My boyfriend, on the other hand, is not much of a phone user at all – at least, he didn’t use to be.
I started sending him TikToks I thought he would find funny, but he didn’t have the app so couldn’t watch them.
This annoyed me because sharing TikTok videos is something I find bonding, so I forced him to download it.
At first, he just watched the videos I sent him, but gradually he started scrolling more… and now he’s a full-blown addict.
He spends even more time on TikTok than I do – and that’s saying something.
Now he’s accusing me of getting him addicted to TikTok. He claims it’s ruined his attention span and made it hard for him to focus on work.
Honestly, I’m secretly glad I can now send him videos — he even sends them to me too!
But I see the effect that his addiction is having on his motivation and work and it makes me worried that he might get in trouble at his job, or even fired.
He also gets more easily frustrated with me nowadays and it’s putting a strain on our relationship.
How can I help him kick his TikTok habit?
From,
Fiend or foe
Dear Fiend or foe,
I don’t need to tell you how bad social media is for us. It isolates us, eats up hours of our time, fuels anxiety and shortens our attention spans.

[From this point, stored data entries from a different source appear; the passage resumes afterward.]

theorem theorem2:
  fixes C :: "('o, 'm) smallcat" and u :: 'o and h :: "'o \<Rightarrow> 'm"
  assumes "is_groupoid C"
    and "u \<in> Obj C"
    and "\<forall>e\<in>Obj C. h e \<in> Arr C \<and> src C (h e) = e \<and> tgt C (h e) = u"
    and "h u = idm C u"
  shows "group (Bis C)
    \<and> subgroup (Nsub C) (Bis C) \<and> subgroup (Hsub C h) (Bis C)
    \<and> generate (Bis C) (Nsub C \<union> Hsub C h) = carrier (Bis C)
    \<and> (\<forall>x\<in>Hsub C h. restrict (conj_act C x) (Nsub C)
          \<in> iso ((Bis C)\<lparr>carrier := Nsub C\<rparr>) ((Bis C)\<lparr>carrier := Nsub C\<rparr>))
    \<and> (\<forall>n\<in>Nsub C. conj_act C \<one>\<^bsub>Bis C\<^esub> n = n)
    \<and> (\<forall>x\<in>Hsub C h. \<forall>y\<in>Hsub C h. \<forall>n\<in>Nsub C.
          conj_act C (x \<otimes>\<^bsub>Bis C\<^esub> y) n = conj_act C x (conj_act C y n))
    \<and> Bis C \<cong> semidirect_product ((Bis C)\<lparr>carrier := Nsub C\<rparr>)
                                   ((Bis C)\<lparr>carrier := Hsub C h\<rparr>) (conj_act C)"
proof -
  interpret groupoid_arrows_to_base C u h
    using assms(1,3) by unfold_locales auto
  interpret split: split_group_hom "Bis C" "BijGroup (Obj C)" "target_perm C" "hsigma C h"
    by (rule split_group_hom_target_perm)
  have N_normal: "Nsub C \<lhd> Bis C"
    using split.normal_kernel by (simp add: kernel_target_perm)
  have H_subgroup: "subgroup (Hsub C h) (Bis C)"
    using split.section_image_subgroup by (simp add: Hsub_eq_image)
  have conj_act: "conj_act C = (\<lambda>x n. x \<otimes>\<^bsub>Bis C\<^esub> n \<otimes>\<^bsub>Bis C\<^esub> inv\<^bsub>Bis C\<^esub> x)"
    by (simp add: conj_act_def fun_eq_iff)
  show ?thesis
    unfolding conj_act
    using group_Bis normal_imp_subgroup[OF N_normal] H_subgroup
      split.generate_kernel_section_image split.iso_semidirect_product
      normal.conjugation_restrict_iso[OF N_normal] subgroup.mem_carrier[OF H_subgroup]
      subgroup.mem_carrier[OF normal_imp_subgroup[OF N_normal]] split.G.conjugation_mult
    by (simp add: kernel_target_perm Hsub_eq_image)
qed

end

It is also shockingly addictive.
Addicts (and I say this as someone who definitely has that compulsive gene) want nothing more than someone to share our addiction with. It validates us, and eases our shame.
So of course you wanted – perhaps subconsciously – your boyfriend to join you in these bad habits.
In some ways, seeing how his behavior has changed is probably a positive thing — whatever you’re seeing in him, he has probably seen in you.
The best way forward is for you to have an honest conversation with him, and break this addiction together.
If going cold turkey and cutting TikTok out of your life completely feels too overwhelming, the two of you can put boundaries around when you use the app. Perhaps think about bookending your day with thirty minutes each morning and evening.
However much you may not want to break your own habit, I guarantee your life will be better if you do.
Dear Jane,
I am going on vacation with my sister and her boyfriend next week.
They only started dating a few months ago, and he wasn’t originally coming on our trip, but she invited him last minute because he’s going through a tough time as his dad just passed away.
The problem isn’t that he’s gatecrashing our vacation; it’s that he’s sober and can’t even be around alcohol.
The first time I met him, my sister texted me instructing me not to order an alcoholic beverage at dinner because he is a recovering alcoholic. It’s been the same rule every time I’ve seen him since – no alcohol.
I can easily deal with a booze-free dinner, but vacations are a time to let loose, and I love ordering a cocktail by the pool or a glass of wine with dinner.
Frankly, I’m not sure I want to go on this trip if I can’t enjoy myself with a drink. Can I ask my sister to let him know that I will be drinking and he needs to get over it?
Or shall I drop out of the trip, because I don’t want to waste my time and money if I’m not even going to have a good time?
From,
Booze bully
Dear Booze bully,
You’re quite right — a trip with a recovering alcoholic who insists on no booze when you personally enjoy drinking, does not sound like much of a vacation.
I do wonder whether you have talked to your sister’s boyfriend about how he feels.
If, as a recovering alcoholic, he is in a 12-step program, one of the primary tenets is ‘live and let live’.
Most of the recovering alcoholics I know are absolutely fine with others drinking around them. It doesn’t trigger them as long as they are working their own program and have a sponsor.
I would get clarity on the situation from the boyfriend directly.
It may be that your sister is overly concerned and setting these rules to try and protect him.
If it turns out that he absolutely can’t be around alcohol, I would suggest that you do indeed drop out of the trip.
Though you’re not responsible for him or his sobriety, drinking around such a fragile recovering alcoholic won’t be much fun.
Find a friend and go somewhere fabulous, where you can have exactly the vacation you need!